The Garment District may not be the first destination you think of on a weekend. Known for gritty streets with rows of fabric stores and fashion schools, it’s also home to a few hotels looking to celebrate the style in the birthplace of American Style, a term coined in the 1800s when it got its name.

If you’re there (or you have family staying in one of the many hotels in the neighborhood), the Archer Hotel is a more fashionable option, featuring a luxury vibe common to some of the area’s better establishments. With an upscale bar, restaurant, and roof deck, the typical bland chain hotel this is not.

Charlie Palmer Steak Brunch

On a recent Sunday, we ventured above 14th street to the Archer for brunch at the new Charlie Palmer Steak New York off of the lobby. Despite the “steak” moniker to which one should rightfully caution (unless loud men in suits is your thing), this version is designed for the more contemporary diner.
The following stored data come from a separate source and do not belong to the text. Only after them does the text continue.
(* Let $p=0$, $0<q<1$, $0<\theta<1$, $\zeta\in(0,\theta)$, and $k<n$ positive integers. Define \[ m_{\mathrm{DD}}=\min_{\alpha,\beta,d}\max\left\{\frac{\theta}{1-\theta}\frac{1}{d\,D_{\mathrm{KL}}(\alpha\|q)},\ \frac{1}{d\,D_{\mathrm{KL}}\big(\alpha\|e^{-d}+(1-e^{-d})q\big)},\ \frac{\theta}{1-\theta}\frac{1}{d\,D_{\mathrm{KL}}(\beta\|(1-q)e^{-d})}\right\}k\log(n/k) \] and \[ m^{\mathrm{Ber}}_{\mathrm{DD}}=\min_{\alpha,\beta,d}\max\left\{\frac{\theta}{1-\theta}\frac{1}{k\,D_{\mathrm{KL}}(\tfrac{\alpha d}{k}\|\tfrac{qd}{k})},\ \frac{1-\zeta}{1-\theta}\frac{1}{k\,D_{\mathrm{KL}}\big(\tfrac{\alpha d}{k}\|\tfrac{(e^{-d}+(1-e^{-d})q)d}{k}\big)},\ \frac{\theta}{1-\theta}\frac{1}{k\,D_{\mathrm{KL}}\big(\tfrac{\beta d}{k}\|\tfrac{e^{-d}(1-q)d}{k}\big)}\right\}k\log(n/k), \] both minima over $d\in(0,\infty)$ (with $d<k$), $\alpha\in\big(q,\ e^{-d}+(1-e^{-d})q\big)$ and $\beta\in\big(0,e^{-d}(1-q)\big)$. Then $m^{\mathrm{Ber}}_{\mathrm{DD}}>m_{\mathrm{DD}}$.
   Context: $\log$ is the natural logarithm; $D_{\mathrm{KL}}(r\|s)=r\log(r/s)+(1-r)\log\frac{1-r}{1-s}$. (These are the sufficient numbers of tests for noisy DD under the constant-column design and the Bernoulli design on the Z channel, i.e. false-positive probability $p=0$ and false-negative probability $q$; in the general bounds the fourth term, involving a Kullback–Leibler divergence to $0$, is infinite in the denominator and thus vanishes, and has been omitted.) *)

theory Defs
  imports Complex_Main
begin

definition DKL :: "real \<Rightarrow> real \<Rightarrow> real" where
  "DKL r s = r * ln (r / s) + (1 - r) * ln ((1 - r) / (1 - s))"

definition DD_domain :: "real \<Rightarrow> nat \<Rightarrow> (real \<times> real \<times> real) set" where
  "DD_domain q k = {(\<alpha>, \<beta>, d). 0 < d \<and> d < real k \<and>
      q < \<alpha> \<and> \<alpha> < exp (- d) + (1 - exp (- d)) * q \<and>
      0 < \<beta> \<and> \<beta> < exp (- d) * (1 - q)}"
Skip the outdoor dining; it’s situated amidst the noise and exhaust of 38th street. The interior space is thoughtfully done, with textured wallpaper and original art lining the walls around the airy dining space. The staff is among the friendliest you’ll find in midtown, and the crowd is what New Yorkers come to covet after a few years in cramped dining halls: sparse. This isn’t the trendiest brunch in town, but you can hear yourself talk and get better service than you’re used to.

Charlie Palmer Steak Brunch

Upon online advertisement (and in-person urging), we gave the “Mimosa + Bloody Mary Cart” a try. We were hoping for a shiny cart with a jaunty bartender, but the drinks arrived sans gesture, the cart stuck in the corner. Not to worry; the pomegranate and currant mimosa was novel and not too sweet. Being our resident authority on Bloody Marys, I tried theirs—and was neither repelled nor impressed. And at $38, the bottomless option isn’t badly priced given the restaurant’s category—but it’s still a lot.
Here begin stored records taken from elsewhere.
lemma quad_form_add_scaleR:
  assumes "\<forall>c d. B i c d = B i d c"
  shows "quad_form blk B i (v + t *\<^sub>R w)
           = quad_form blk B i v + 2 * t * bilin_form blk B i v w + t\<^sup>2 * quad_form blk B i w"
proof -
  have swap: "(\<Sum>c\<in>{c. blk c = i}. \<Sum>d\<in>{d. blk d = i}. B i c d * w $ c * v $ d) = bilin_form blk B i v w"
    unfolding bilin_form_def by (subst sum.swap) (intro sum.cong refl, simp add: assms ac_simps)
  have "quad_form blk B i (v + t *\<^sub>R w) = (\<Sum>c\<in>{c. blk c = i}. \<Sum>d\<in>{d. blk d = i}.
      B i c d * v $ c * v $ d + t * (B i c d * v $ c * w $ d) + t * (B i c d * w $ c * v $ d)
      + t\<^sup>2 * (B i c d * w $ c * w $ d))"
    unfolding quad_form_def by (intro sum.cong refl) (simp add: algebra_simps power2_eq_square)
  also have "\<dots> = quad_form blk B i v + t * bilin_form blk B i v w + t * bilin_form blk B i v w
                   + t\<^sup>2 * quad_form blk B i w"
    using swap[unfolded bilin_form_def]
    by (simp add: sum.distrib sum_distrib_left[symmetric] quad_form_def bilin_form_def)
  finally show ?thesis
    by simp
qed

section \<open>Pinsker's inequality\<close>

lemma has_real_derivative_ln_minus_rational:
  fixes s :: real
  assumes "s > 0"
  shows "((\<lambda>t. ln t - (t - 1) * (5 * t + 1) / (2 * t * (t + 2))) has_real_derivative
           (s - 1) ^ 3 / (s\<^sup>2 * (s + 2)\<^sup>2)) (at s)"
proof -
  have "0 < s \<Longrightarrow> ((\<lambda>t. ln t - (t - 1) * (5 * t + 1) / (2 * t * (t + 2))) has_real_derivative
          1 / s - ((10 * s - 4) * (2 * s * (s + 2)) - (s - 1) * (5 * s + 1) * (4 * s + 4))
          / (4 * (s * ((s + 2) * (s * (s + 2)))))) (at s)"
    by (rule derivative_eq_intros refl | simp)+
  moreover have "1 / s - ((10 * s - 4) * (2 * s * (s + 2)) - (s - 1) * (5 * s + 1) * (4 * s + 4))
          / (4 * (s * ((s + 2) * (s * (s + 2))))) = (s - 1) ^ 3 / (s\<^sup>2 * (s + 2)\<^sup>2)"
  proof -
    define D where "D = 4 * (s * ((s + 2) * (s * (s + 2))))"
    have "1 / s = (4 * s * (s + 2)\<^sup>2) / D"
      using assms by (simp add: D_def power2_eq_square)
    moreover have "4 * s * (s + 2)\<^sup>2 - ((10 * s - 4) * (2 * s * (s + 2))
        - (s - 1) * (5 * s + 1) * (4 * s + 4)) = 4 * (s - 1) ^ 3"
      by (simp add: algebra_simps power2_eq_square power3_eq_cube)
    moreover have "4 * (s - 1) ^ 3 / D = (s - 1) ^ 3 / (s\<^sup>2 * (s + 2)\<^sup>2)"
      by (simp add: D_def power2_eq_square ac_simps)
    ultimately show ?thesis
      unfolding D_def[symmetric] by (simp add: diff_divide_distrib[symmetric])
  qed
  ultimately show ?thesis
    using assms by simp
qed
Charlie Palmer Steak Brunch

We started with the charcuterie plate, a standard array of meats and cheeses. The tuna tartare was easily the most artful dish, arriving in a long, architectural sliver of tuna, avocado, and citrus ponzu. Refreshing, if not distinct.

Charlie Palmer Steak Brunch

I went for the steak and eggs, which, if I’d made them at home, would have been met with confirmations and praise. But here, in this elegant setting, I expected more. The steak was very fatty and lacked the flavor I was expecting for a restaurant’s namesake dish.

Charlie Palmer Steak Brunch

Another in our group opted to make dinner out of brunch and ordered the filet with a side of asparagus. But while you expect a filet to melt in your mouth, this one didn’t. It wasn’t bad—but it wasn’t $49 good, which is what the menu advertises.

The donut wheel is the other touted offering and—you can guess where we’re going with this—is also just not that great. While the turning plate of donuts was a table-pleaser, the sauces were sugary sweet and the donuts were extremely dry.

Charlie Palmer Steak Brunch

In fact, no dish during the brunch was hugely offensive, just slightly dry when they should have been moist; predictable when they should have been one-of-a-kind; and overall, not delicious enough to drown the guilt from the calories they come with.

After brunch, we went upstairs to Spyglass, the Archer’s rooftop bar. Probably the best amenity of Midtown hotels are the terrace or rooftop bars, offering close-up views of some of the city’s classic Art Deco towers.

Charlie Palmer Steak Brunch

Spyglass, the Archer’s rooftop bar, gives you a bright, bold view of the Empire State. If you can stand the music—club music piped at a volume suitable for Saturday nights—it’s worth the trip.

The Bitches Say: Three Flutes. Better food is to be found elsewhere, but if you need brunch in the neighborhood and can take advantage of nearby hotel rooftop bars for the afternoon, it’s not a bad option.

Charlie Palmer serves weekend brunch from 10:30 a.m. – 3:30 p.m.